> _WHAT TO PRODUCE_:
Within the records, find every line that includes the word "ultimately" and copy it.

> _EXTRACTED RECORDS_:
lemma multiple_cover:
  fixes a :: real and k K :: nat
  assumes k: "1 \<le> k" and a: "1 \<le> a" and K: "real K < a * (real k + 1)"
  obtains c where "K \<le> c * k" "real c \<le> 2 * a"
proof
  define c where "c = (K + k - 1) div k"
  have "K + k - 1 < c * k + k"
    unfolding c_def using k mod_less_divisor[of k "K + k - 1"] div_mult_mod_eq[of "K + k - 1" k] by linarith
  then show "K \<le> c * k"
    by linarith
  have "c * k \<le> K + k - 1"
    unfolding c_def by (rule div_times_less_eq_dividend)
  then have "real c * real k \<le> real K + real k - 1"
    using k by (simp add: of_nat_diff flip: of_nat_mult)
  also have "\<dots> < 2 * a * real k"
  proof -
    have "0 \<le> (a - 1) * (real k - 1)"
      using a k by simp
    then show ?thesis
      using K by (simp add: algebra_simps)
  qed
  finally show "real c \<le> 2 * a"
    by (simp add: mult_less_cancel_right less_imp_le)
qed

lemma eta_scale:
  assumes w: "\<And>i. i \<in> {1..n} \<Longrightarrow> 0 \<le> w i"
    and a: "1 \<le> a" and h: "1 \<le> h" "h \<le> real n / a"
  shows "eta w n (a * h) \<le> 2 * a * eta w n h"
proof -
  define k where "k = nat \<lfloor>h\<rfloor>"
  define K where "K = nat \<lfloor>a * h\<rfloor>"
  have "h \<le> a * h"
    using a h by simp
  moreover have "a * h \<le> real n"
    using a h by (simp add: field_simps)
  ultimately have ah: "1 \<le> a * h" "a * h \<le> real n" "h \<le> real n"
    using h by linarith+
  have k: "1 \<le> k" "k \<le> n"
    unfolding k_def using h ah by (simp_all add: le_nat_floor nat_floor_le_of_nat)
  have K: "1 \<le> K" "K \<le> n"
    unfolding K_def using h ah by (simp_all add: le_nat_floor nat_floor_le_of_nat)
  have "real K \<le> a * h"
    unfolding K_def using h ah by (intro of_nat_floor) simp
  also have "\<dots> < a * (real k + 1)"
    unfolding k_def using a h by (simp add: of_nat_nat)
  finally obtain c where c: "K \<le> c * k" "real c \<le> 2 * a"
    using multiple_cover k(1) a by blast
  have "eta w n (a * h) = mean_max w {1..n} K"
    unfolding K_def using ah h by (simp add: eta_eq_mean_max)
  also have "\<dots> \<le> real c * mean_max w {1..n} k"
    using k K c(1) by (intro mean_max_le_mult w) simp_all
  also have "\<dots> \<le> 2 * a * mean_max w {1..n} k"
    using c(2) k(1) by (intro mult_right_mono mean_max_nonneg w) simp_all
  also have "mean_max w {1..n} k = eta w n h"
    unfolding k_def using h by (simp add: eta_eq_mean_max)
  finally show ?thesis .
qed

---

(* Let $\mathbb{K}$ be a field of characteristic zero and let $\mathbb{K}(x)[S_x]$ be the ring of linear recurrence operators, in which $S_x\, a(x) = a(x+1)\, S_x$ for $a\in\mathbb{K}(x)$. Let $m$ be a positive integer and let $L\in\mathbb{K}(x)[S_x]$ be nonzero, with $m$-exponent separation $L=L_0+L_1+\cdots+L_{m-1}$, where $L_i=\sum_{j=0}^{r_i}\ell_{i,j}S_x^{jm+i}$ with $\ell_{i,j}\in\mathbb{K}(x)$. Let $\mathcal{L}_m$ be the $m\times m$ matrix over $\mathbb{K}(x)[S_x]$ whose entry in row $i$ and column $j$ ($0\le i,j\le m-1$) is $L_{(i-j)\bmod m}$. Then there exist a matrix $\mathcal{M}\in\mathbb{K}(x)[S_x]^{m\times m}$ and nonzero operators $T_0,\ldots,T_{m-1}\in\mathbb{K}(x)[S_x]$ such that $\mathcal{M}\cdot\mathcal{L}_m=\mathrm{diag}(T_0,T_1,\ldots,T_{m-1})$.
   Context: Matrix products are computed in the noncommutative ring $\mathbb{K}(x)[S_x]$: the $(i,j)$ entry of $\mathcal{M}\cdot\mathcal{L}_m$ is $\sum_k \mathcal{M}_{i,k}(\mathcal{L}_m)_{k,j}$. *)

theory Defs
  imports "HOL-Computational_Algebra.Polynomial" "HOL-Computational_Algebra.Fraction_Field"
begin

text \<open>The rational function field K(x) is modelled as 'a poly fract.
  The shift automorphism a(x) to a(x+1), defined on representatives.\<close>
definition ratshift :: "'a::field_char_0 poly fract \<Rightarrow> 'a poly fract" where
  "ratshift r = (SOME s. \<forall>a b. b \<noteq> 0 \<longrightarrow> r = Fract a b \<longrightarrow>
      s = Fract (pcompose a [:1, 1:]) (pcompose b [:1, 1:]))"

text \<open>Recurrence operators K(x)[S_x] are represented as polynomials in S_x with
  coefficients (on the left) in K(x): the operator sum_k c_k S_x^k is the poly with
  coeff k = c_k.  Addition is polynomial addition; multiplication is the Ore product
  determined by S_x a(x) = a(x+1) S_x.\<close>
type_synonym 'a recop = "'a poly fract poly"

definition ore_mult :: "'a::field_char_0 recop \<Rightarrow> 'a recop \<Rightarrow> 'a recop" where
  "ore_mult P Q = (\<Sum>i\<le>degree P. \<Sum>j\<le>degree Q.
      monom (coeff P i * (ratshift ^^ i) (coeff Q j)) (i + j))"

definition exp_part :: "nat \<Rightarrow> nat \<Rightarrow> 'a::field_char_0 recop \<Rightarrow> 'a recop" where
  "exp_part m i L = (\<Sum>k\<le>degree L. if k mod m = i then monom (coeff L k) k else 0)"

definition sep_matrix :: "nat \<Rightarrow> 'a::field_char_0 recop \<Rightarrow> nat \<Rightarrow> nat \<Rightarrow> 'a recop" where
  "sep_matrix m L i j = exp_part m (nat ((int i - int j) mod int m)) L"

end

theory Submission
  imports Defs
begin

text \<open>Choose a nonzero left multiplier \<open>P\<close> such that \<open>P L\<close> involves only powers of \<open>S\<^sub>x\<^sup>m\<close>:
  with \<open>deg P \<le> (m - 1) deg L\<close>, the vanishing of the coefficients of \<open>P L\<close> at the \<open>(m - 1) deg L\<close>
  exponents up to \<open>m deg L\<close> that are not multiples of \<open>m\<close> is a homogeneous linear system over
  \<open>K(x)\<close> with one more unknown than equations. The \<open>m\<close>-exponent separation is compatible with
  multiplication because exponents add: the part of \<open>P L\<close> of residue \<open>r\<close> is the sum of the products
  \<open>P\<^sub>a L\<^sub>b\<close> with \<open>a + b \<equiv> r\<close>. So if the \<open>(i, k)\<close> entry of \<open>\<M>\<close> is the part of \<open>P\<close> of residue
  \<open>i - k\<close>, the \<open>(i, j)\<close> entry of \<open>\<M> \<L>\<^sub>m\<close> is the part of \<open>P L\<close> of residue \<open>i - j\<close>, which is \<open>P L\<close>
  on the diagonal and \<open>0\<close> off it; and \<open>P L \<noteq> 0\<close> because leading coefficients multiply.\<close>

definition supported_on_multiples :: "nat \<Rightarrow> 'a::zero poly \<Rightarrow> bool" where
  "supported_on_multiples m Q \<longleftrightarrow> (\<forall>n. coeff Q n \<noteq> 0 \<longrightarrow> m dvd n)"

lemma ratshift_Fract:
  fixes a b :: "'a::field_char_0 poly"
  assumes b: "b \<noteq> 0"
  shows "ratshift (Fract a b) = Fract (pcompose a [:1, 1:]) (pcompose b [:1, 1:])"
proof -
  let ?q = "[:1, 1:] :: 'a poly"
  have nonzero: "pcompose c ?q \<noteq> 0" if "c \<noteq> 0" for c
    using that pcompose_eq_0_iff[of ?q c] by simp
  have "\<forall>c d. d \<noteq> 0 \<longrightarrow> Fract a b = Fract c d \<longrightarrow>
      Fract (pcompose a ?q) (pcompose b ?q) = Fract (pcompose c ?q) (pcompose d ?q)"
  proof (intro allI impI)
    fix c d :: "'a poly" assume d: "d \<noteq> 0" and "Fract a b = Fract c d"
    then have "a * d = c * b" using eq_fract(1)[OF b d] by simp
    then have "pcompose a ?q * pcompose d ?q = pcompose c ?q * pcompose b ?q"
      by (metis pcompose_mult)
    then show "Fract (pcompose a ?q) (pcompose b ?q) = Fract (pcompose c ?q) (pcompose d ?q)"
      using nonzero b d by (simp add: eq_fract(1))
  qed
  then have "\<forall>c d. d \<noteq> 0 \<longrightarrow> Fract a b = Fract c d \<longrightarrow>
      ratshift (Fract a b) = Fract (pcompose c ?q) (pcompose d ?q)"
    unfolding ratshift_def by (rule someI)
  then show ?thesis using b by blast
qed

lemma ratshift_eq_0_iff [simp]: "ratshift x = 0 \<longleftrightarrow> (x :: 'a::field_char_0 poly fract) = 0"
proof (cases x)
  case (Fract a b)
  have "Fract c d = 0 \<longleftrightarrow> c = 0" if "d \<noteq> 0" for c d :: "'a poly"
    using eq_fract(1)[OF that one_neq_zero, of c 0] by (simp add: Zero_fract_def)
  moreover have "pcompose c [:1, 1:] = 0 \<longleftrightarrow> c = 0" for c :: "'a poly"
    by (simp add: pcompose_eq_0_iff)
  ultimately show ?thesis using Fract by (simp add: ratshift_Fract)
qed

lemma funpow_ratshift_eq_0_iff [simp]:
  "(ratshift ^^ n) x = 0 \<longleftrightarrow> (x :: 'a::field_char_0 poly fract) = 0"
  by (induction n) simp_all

> _RESPONSE AREA_:
  ultimately have ah: "1 \<le> a * h" "a * h \<le> real n" "h \<le> real n"
  ultimately show ?thesis using Fract by (simp add: ratshift_Fract)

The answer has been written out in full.